- Exercise prompt -
The span to repeat in the listing below runs from the line containing "finite_event_times by (simp add: C_def)" to the line containing "real \<Rightarrow> task", inclusive. Repeat it exactly, and only it.
*** Dataset records Section Begins ***
lemma pending_before_eq_without_events:
  assumes "a < e" "e \<le> t" and no_event: "\<forall>e'\<in>event_times t. \<not> (a < e' \<and> e' < e)"
  shows "pending_before e = pend a"
proof -
  have "arr \<tau> < e \<longleftrightarrow> arr \<tau> \<le> a" if "\<tau> \<in> injected A" for \<tau>
    using assms arr_mem_event_times[OF that, of t] by (cases "arr \<tau> \<le> a") auto
  moreover have "t1 + cost \<tau> / s < e \<longleftrightarrow> t1 + cost \<tau> / s \<le> a"
    if "(p, t1, \<tau>) \<in> E" "completed A s p t1 \<tau>" for p t1 \<tau>
    using assms completion_mem_event_times[OF that, of t]
    by (cases "t1 + cost \<tau> / s \<le> a") auto
  ultimately show ?thesis unfolding pending_def pending_before_def by (intro Collect_cong conj_cong refl) meson+
qed

text \<open>
  t0 is the latest event time (or a time before all events) just before which fewer than
  n^2 lmax-tasks were pending; the pending set is constant between events.
\<close>
lemma lmax_overload_start:
  assumes "n ^ 2 \<le> card (pend_lmax t)"
  shows "\<exists>t0 \<le> t. card {\<tau> \<in> pending_before t0. cost \<tau> = lmax} < n ^ 2 \<and> lmax_overloaded t0 t"
proof -
  define m where "m = Min (insert t (event_times t)) - 1"
  have m_less: "\<forall>e\<in>insert t (event_times t). m < e"
  proof
    fix e assume "e \<in> insert t (event_times t)"
    then have "Min (insert t (event_times t)) \<le> e" using finite_event_times by (intro Min_le) auto
    then show "m < e" by (simp add: m_def)
  qed
  have "\<not> arr \<tau> < m" if "\<tau> \<in> injected A" for \<tau>
  proof
    assume "arr \<tau> < m"
    then have "arr \<tau> \<in> event_times t" using that m_less by (intro arr_mem_event_times) auto
    then show False using m_less \<open>arr \<tau> < m\<close> by force
  qed
  then have "pending_before m = {}" by (auto simp: pending_before_def)
  define C where "C = {e \<in> insert m (event_times t). card {\<tau> \<in> pending_before e. cost \<tau> = lmax} < n ^ 2}"
  have "m \<in> C" using \<open>pending_before m = {}\<close> n_pos by (simp add: C_def)
  moreover have fin_C: "finite C" using finite_event_times by (simp add: C_def)
  ultimately have t0: "Max C \<in> C" "\<forall>e\<in>C. e \<le> Max C" using Max_in by auto
  have t0t: "Max C \<le> t" using t0(1) m_less event_times_le by (auto simp: C_def)
  have "lmax_overloaded (Max C) t"
    unfolding lmax_overloaded_def
  proof (rule ballI, rule ccontr)
    fix v assume v: "v \<in> {Max C..t}" and few: "\<not> n ^ 2 \<le> card (pend_lmax v)"
    show False
    proof (cases "\<exists>e\<in>event_times t. v < e")
      case True
      define e' where "e' = Min {e \<in> event_times t. v < e}"
      have fin: "finite {e \<in> event_times t. v < e}" using finite_event_times by simp
      have e': "e' \<in> event_times t" "v < e'" using Min_in[OF fin] True by (auto simp: e'_def)
      have "e' \<le> e" if "e \<in> event_times t" "v < e" for e
        using fin that unfolding e'_def by (intro Min_le) auto
      then have "\<forall>e\<in>event_times t. \<not> (v < e \<and> e < e')" by (meson not_le)
      then have "pending_before e' = pend v"
        using pending_before_eq_without_events e' event_times_le by blast
      then have "e' \<in> C" using few e' by (simp add: C_def)
      then have "e' \<le> Max C" using t0(2) by blast
      then show False using e'(2) v by simp
    next
      case False
      then have "pend t = pend v" using pending_eq_without_events[of v t t] v by auto
      then show False using few assms by simp
    qed
  qed
  then show ?thesis using t0 t0t by (auto simp: C_def)
qed

section \<open>Comparison with the offline execution\<close>

definition lmax_runs :: "real \<Rightarrow> real \<Rightarrow> run set" where
  "lmax_runs t0 t = {(p, u, \<tau>). (p, u, \<tau>) \<in> E \<and> cost \<tau> = lmax \<and> completed A s p u \<tau> \<and>
     t0 \<le> u \<and> u + lmax / s \<le> t}"

definition lmax_arrivals :: "real \<Rightarrow> real \<Rightarrow> task set" where
  "lmax_arrivals t0 t = {\<tau> \<in> injected A. cost \<tau> = lmax \<and> t0 \<le> arr \<tau> \<and> arr \<tau> \<le> t}"

lemma pending_lmax_old_or_arrived:
  assumes "\<tau> \<in> pend u" "cost \<tau> = lmax" "t0 \<le> u" "u \<le> t"
  shows "\<tau> \<in> {\<tau> \<in> pending_before t0. cost \<tau> = lmax} \<union> lmax_arrivals t0 t"
proof (cases "arr \<tau> < t0")
  case True
  then show ?thesis using assms by (fastforce simp: pending_iff pending_before_def)
next
  case False
  then show ?thesis using assms by (auto simp: pending_iff lmax_arrivals_def)
qed

lemma inj_on_lmax_runs_task:
  assumes "lmax_overloaded t0 t"
  shows "inj_on (\<lambda>(p, u, \<tau>). \<tau>) (lmax_runs t0 t)"
proof (rule inj_onI)
  fix r1 r2 assume r: "r1 \<in> lmax_runs t0 t" "r2 \<in> lmax_runs t0 t"
    "(\<lambda>(p, u, \<tau>). \<tau>) r1 = (\<lambda>(p, u, \<tau>). \<tau>) r2"
  obtain p u \<tau> where r1: "r1 = (p, u, \<tau>)" by (cases r1) auto
  obtain q v where rr: "r1 = (p, u, \<tau>)" "r2 = (q, v, \<tau>)" using r(3) r1 by (cases r2) auto
  have run1: "(p, u, \<tau>) \<in> E" "cost \<tau> = lmax" "completed A s p u \<tau>" "t0 \<le> u" "u + lmax / s \<le> t"
    and run2: "(q, v, \<tau>) \<in> E" "completed A s q v \<tau>" "t0 \<le> v" "v + lmax / s \<le> t"
    using r(1,2) rr by (simp_all add: lmax_runs_def)
  have "0 < lmax / s" using lmin_pos lmin_less_lmax s_pos by simp
  then have "u \<le> t" "v \<le> t" using run1(5) run2(4) by linarith+
  consider "u \<le> v" | "v \<le> u" by linarith
  then show "r1 = r2"
  proof cases
    case 1
    then show ?thesis
      using lmax_overloaded_run_unique[OF assms run1(1) run2(1) run1(2,3,4) 1 \<open>v \<le> t\<close>] rr by simp
  next
    case 2
    then show ?thesis
      using lmax_overloaded_run_unique[OF assms run2(1) run1(1) run1(2) run2(2,3) 2 \<open>u \<le> t\<close>] rr by simp
  qed
qed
*** Dataset records Section Ends ***
- Reply -
  moreover have fin_C: "finite C" using finite_event_times by (simp add: C_def)
  ultimately have t0: "Max C \<in> C" "\<forall>e\<in>C. e \<le> Max C" using Max_in by auto
  have t0t: "Max C \<le> t" using t0(1) m_less event_times_le by (auto simp: C_def)
  have "lmax_overloaded (Max C) t"
    unfolding lmax_overloaded_def
  proof (rule ballI, rule ccontr)
    fix v assume v: "v \<in> {Max C..t}" and few: "\<not> n ^ 2 \<le> card (pend_lmax v)"
    show False
    proof (cases "\<exists>e\<in>event_times t. v < e")
      case True
      define e' where "e' = Min {e \<in> event_times t. v < e}"
      have fin: "finite {e \<in> event_times t. v < e}" using finite_event_times by simp
      have e': "e' \<in> event_times t" "v < e'" using Min_in[OF fin] True by (auto simp: e'_def)
      have "e' \<le> e" if "e \<in> event_times t" "v < e" for e
        using fin that unfolding e'_def by (intro Min_le) auto
      then have "\<forall>e\<in>event_times t. \<not> (v < e \<and> e < e')" by (meson not_le)
      then have "pending_before e' = pend v"
        using pending_before_eq_without_events e' event_times_le by blast
      then have "e' \<in> C" using few e' by (simp add: C_def)
      then have "e' \<le> Max C" using t0(2) by blast
      then show False using e'(2) v by simp
    next
      case False
      then have "pend t = pend v" using pending_eq_without_events[of v t t] v by auto
      then show False using few assms by simp
    qed
  qed
  then show ?thesis using t0 t0t by (auto simp: C_def)
qed

section \<open>Comparison with the offline execution\<close>

definition lmax_runs :: "real \<Rightarrow> real \<Rightarrow> run set" where
  "lmax_runs t0 t = {(p, u, \<tau>). (p, u, \<tau>) \<in> E \<and> cost \<tau> = lmax \<and> completed A s p u \<tau> \<and>
     t0 \<le> u \<and> u + lmax / s \<le> t}"

definition lmax_arrivals :: "real \<Rightarrow> real \<Rightarrow> task set" where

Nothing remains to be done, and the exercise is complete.